EXERCISE >> Each line that contains the word "beta" is to be copied from the records below.

INPUT RECORDS >>
lemma hchute_u_compatible_inverse:
  assumes "u_compatible Vs Vt s t r m u D" "hchute Vt s t r m D' D"
  shows "u_compatible Vs Vt s t r m u D'"
proof -
  obtain \<alpha> i c0 c1 where rect: "1 \<le> i" "i + 1 \<le> rowsT s t r m \<alpha>" "1 \<le> c0" "c0 < c1" "c1 \<le> colsT s t r m \<alpha>"
    and chute: "phiT s t r m \<alpha> (i + 1, c0) \<in> D'" "phiT s t r m \<alpha> (i, c1) \<in> D'" "phiT s t r m \<alpha> (i + 1, c1) \<in> D'"
      "phiT s t r m \<alpha> (i, c0) \<notin> D'"
      "\<forall>c. c0 < c \<longrightarrow> c < c1 \<longrightarrow> phiT s t r m \<alpha> (i, c) \<notin> D'"
    and D: "D = D' \<union> {phiT s t r m \<alpha> (i, c0)} - {phiT s t r m \<alpha> (i + 1, c1)}"
    using assms(2) by (elim hchuteE) blast
  let ?pt = "phiT s t r m \<alpha>"
  have "D - {?pt (i, c0)} \<union> {?pt (i + 1, c1)} = D'"
    unfolding D using chute(3,4) by auto
  moreover have "?pt (i + 1, c0) \<in> D" "?pt (i, c1) \<in> D" "\<forall>c. c0 < c \<longrightarrow> c < c1 \<longrightarrow> ?pt (i, c) \<notin> D"
    unfolding D using chute(1,2,5) rect by (auto simp: phiT_two_rows_eq_iff)
  ultimately show ?thesis
    using u_compatible_inv_chute_swap[OF rect assms(1)] by metis
qed

lemma u_compatible_chute_swap_twice:
  assumes rect: "1 \<le> i" "i + 1 \<le> rowsT s t r m \<alpha>" "1 \<le> c0" "c0 < c" "c < c1" "c1 \<le> colsT s t r m \<alpha>"
    and comp: "u_compatible Vs Vt s t r m u E"
    and corners: "phiT s t r m \<alpha> (i + 1, c0) \<in> E" "phiT s t r m \<alpha> (i + 1, c) \<in> E" "phiT s t r m \<alpha> (i, c1) \<in> E"
    and bottom: "\<forall>c'. c0 < c' \<longrightarrow> c' < c1 \<longrightarrow> c' \<noteq> c \<longrightarrow> phiT s t r m \<alpha> (i + 1, c') \<notin> E"
  shows "u_compatible Vs Vt s t r m u
           (E \<union> {phiT s t r m \<alpha> (i, c0), phiT s t r m \<alpha> (i, c)}
              - {phiT s t r m \<alpha> (i + 1, c), phiT s t r m \<alpha> (i + 1, c1)})"
proof -
  let ?pt = "phiT s t r m \<alpha>"
  have "c \<le> colsT s t r m \<alpha>" "1 \<le> c"
    using rect by simp_all
  then have neq: "?pt (i, c0) \<noteq> ?pt (i + 1, c1)" "?pt (i, c0) \<noteq> ?pt (i + 1, c)" "?pt (i, c) \<noteq> ?pt (i + 1, c)"
    "?pt (i, c) \<noteq> ?pt (i + 1, c1)" "?pt (i + 1, c0) \<noteq> ?pt (i + 1, c1)"
    "\<forall>c'. 1 \<le> c' \<longrightarrow> c' \<le> colsT s t r m \<alpha> \<longrightarrow> ?pt (i + 1, c') \<noteq> ?pt (i, c)"
    using rect by (simp_all add: phiT_two_rows_eq_iff)
  define F where "F = E \<union> {?pt (i, c)} - {?pt (i + 1, c1)}"
  have "\<forall>c'. c < c' \<longrightarrow> c' < c1 \<longrightarrow> ?pt (i + 1, c') \<notin> E"
    using bottom rect by auto
  then have "u_compatible Vs Vt s t r m u F"
    unfolding F_def by (rule u_compatible_chute_swap[OF rect(1,2) \<open>1 \<le> c\<close> rect(5,6) comp corners(2,3)])
  moreover have "?pt (i + 1, c0) \<in> F" "?pt (i, c) \<in> F"
    unfolding F_def using corners(1) neq by auto
  moreover have "\<forall>c'. c0 < c' \<longrightarrow> c' < c \<longrightarrow> ?pt (i + 1, c') \<notin> F"
    unfolding F_def using bottom neq(6) rect by auto
  ultimately have "u_compatible Vs Vt s t r m u (F \<union> {?pt (i, c0)} - {?pt (i + 1, c)})"
    using u_compatible_chute_swap[OF rect(1-4) \<open>c \<le> colsT s t r m \<alpha>\<close>] by blast
  moreover have "F \<union> {?pt (i, c0)} - {?pt (i + 1, c)} = E \<union> {?pt (i, c0), ?pt (i, c)} - {?pt (i + 1, c), ?pt (i + 1, c1)}"
    unfolding F_def using neq by auto
  ultimately show ?thesis
    by simp
qed

lemma u_compatible_inv_chute_swap_twice:
  assumes rect: "1 \<le> i" "i + 1 \<le> rowsT s t r m \<alpha>" "1 \<le> c0" "c0 < c" "c < c1" "c1 \<le> colsT s t r m \<alpha>"
    and comp: "u_compatible Vs Vt s t r m u E"
    and corners: "phiT s t r m \<alpha> (i + 1, c0) \<in> E" "phiT s t r m \<alpha> (i, c) \<in> E" "phiT s t r m \<alpha> (i, c1) \<in> E"
    and top: "\<forall>c'. c0 < c' \<longrightarrow> c' < c1 \<longrightarrow> c' \<noteq> c \<longrightarrow> phiT s t r m \<alpha> (i, c') \<notin> E"
  shows "u_compatible Vs Vt s t r m u
           (E - {phiT s t r m \<alpha> (i, c0), phiT s t r m \<alpha> (i, c)}
              \<union> {phiT s t r m \<alpha> (i + 1, c), phiT s t r m \<alpha> (i + 1, c1)})"
proof -
  let ?pt = "phiT s t r m \<alpha>"
  have "c \<le> colsT s t r m \<alpha>" "1 \<le> c"
    using rect by simp_all
  then have neq: "?pt (i, c0) \<noteq> ?pt (i, c1)" "?pt (i + 1, c) \<noteq> ?pt (i, c)"
    "\<forall>c'. 1 \<le> c' \<longrightarrow> c' \<le> colsT s t r m \<alpha> \<longrightarrow> ?pt (i, c') \<noteq> ?pt (i + 1, c)"
    using rect by (simp_all add: phiT_two_rows_eq_iff)
  define F where "F = E - {?pt (i, c0)} \<union> {?pt (i + 1, c)}"
  have "\<forall>c'. c0 < c' \<longrightarrow> c' < c \<longrightarrow> ?pt (i, c') \<notin> E"
    using top rect by auto
  then have "u_compatible Vs Vt s t r m u F"
    unfolding F_def by (rule u_compatible_inv_chute_swap[OF rect(1-4) \<open>c \<le> colsT s t r m \<alpha>\<close> comp corners(1,2)])
  moreover have "?pt (i + 1, c) \<in> F" "?pt (i, c1) \<in> F"
    unfolding F_def using corners(3) neq by auto
  moreover have "\<forall>c'. c < c' \<longrightarrow> c' < c1 \<longrightarrow> ?pt (i, c') \<notin> F"
    unfolding F_def using top neq(3) rect by auto
  ultimately have "u_compatible Vs Vt s t r m u (F - {?pt (i, c)} \<union> {?pt (i + 1, c1)})"
    using u_compatible_inv_chute_swap[OF rect(1,2) \<open>1 \<le> c\<close> rect(5,6)] by blast
  moreover have "F - {?pt (i, c)} \<union> {?pt (i + 1, c1)} = E - {?pt (i, c0), ?pt (i, c)} \<union> {?pt (i + 1, c), ?pt (i + 1, c1)}"
    unfolding F_def using neq by auto
  ultimately show ?thesis
    by simp
qed

lemma u_compatible_subset:
  assumes comp: "u_compatible Vs Vt s t r m u E" and sub: "E' \<subseteq> E"
  shows "u_compatible Vs Vt s t r m u E'"
  unfolding u_compatible_def
proof (intro conjI ballI notI)
  show "E' \<subseteq> Lset s t r m"
    using comp sub unfolding u_compatible_def by blast
next
  fix \<alpha> assume "\<alpha> \<in> Vt" "has_diag_chain (DT s t r m \<alpha> E') (u \<alpha> + 1)"
  moreover have "DT s t r m \<alpha> E' \<subseteq> DT s t r m \<alpha> E"
    using sub unfolding DT_def by auto
  ultimately show False
    using comp has_diag_chain_mono unfolding u_compatible_def by metis
next
  fix \<beta> assume "\<beta> \<in> Vs" "has_diag_chain (DS s t r m \<beta> E') (u \<beta> + 1)"
  moreover have "DS s t r m \<beta> E' \<subseteq> DS s t r m \<beta> E"
    using sub unfolding DS_def by auto
  ultimately show False
    using comp has_diag_chain_mono unfolding u_compatible_def by metis
qed

lemma concurrent_vertex_map_iff:
  "concurrent_vertex_map Vs Vt s t r m u C \<longleftrightarrow>
     u_compatible Vs Vt s t r m u C \<and> (\<forall>X. X \<notin> C \<longrightarrow> \<not> u_compatible Vs Vt s t r m u (insert X C))"
proof -
  have "(\<forall>D. u_compatible Vs Vt s t r m u D \<and> C \<subseteq> D \<longrightarrow> D = C) \<longleftrightarrow>
          (\<forall>X. X \<notin> C \<longrightarrow> \<not> u_compatible Vs Vt s t r m u (insert X C))"
  proof (intro iffI allI impI notI)
    fix X assume "\<forall>D. u_compatible Vs Vt s t r m u D \<and> C \<subseteq> D \<longrightarrow> D = C" "X \<notin> C"
      "u_compatible Vs Vt s t r m u (insert X C)"
    then show False
      by blast
  next
    fix D assume no_ext: "\<forall>X. X \<notin> C \<longrightarrow> \<not> u_compatible Vs Vt s t r m u (insert X C)"
      and D: "u_compatible Vs Vt s t r m u D \<and> C \<subseteq> D"
    show "D = C"
    proof (rule ccontr)
      assume "D \<noteq> C"
      then obtain X where "X \<in> D" "X \<notin> C"
        using D by blast
      then have "u_compatible Vs Vt s t r m u (insert X C)"
        using D u_compatible_subset[of Vs Vt s t r m u D "insert X C"] by blast
      then show False
        using no_ext \<open>X \<notin> C\<close> by blast
    qed
  qed
  then show ?thesis
    unfolding concurrent_vertex_map_def by blast
qed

EXERCISE ANSWER >>
  fix \<beta> assume "\<beta> \<in> Vs" "has_diag_chain (DS s t r m \<beta> E') (u \<beta> + 1)"
  moreover have "DS s t r m \<beta> E' \<subseteq> DS s t r m \<beta> E"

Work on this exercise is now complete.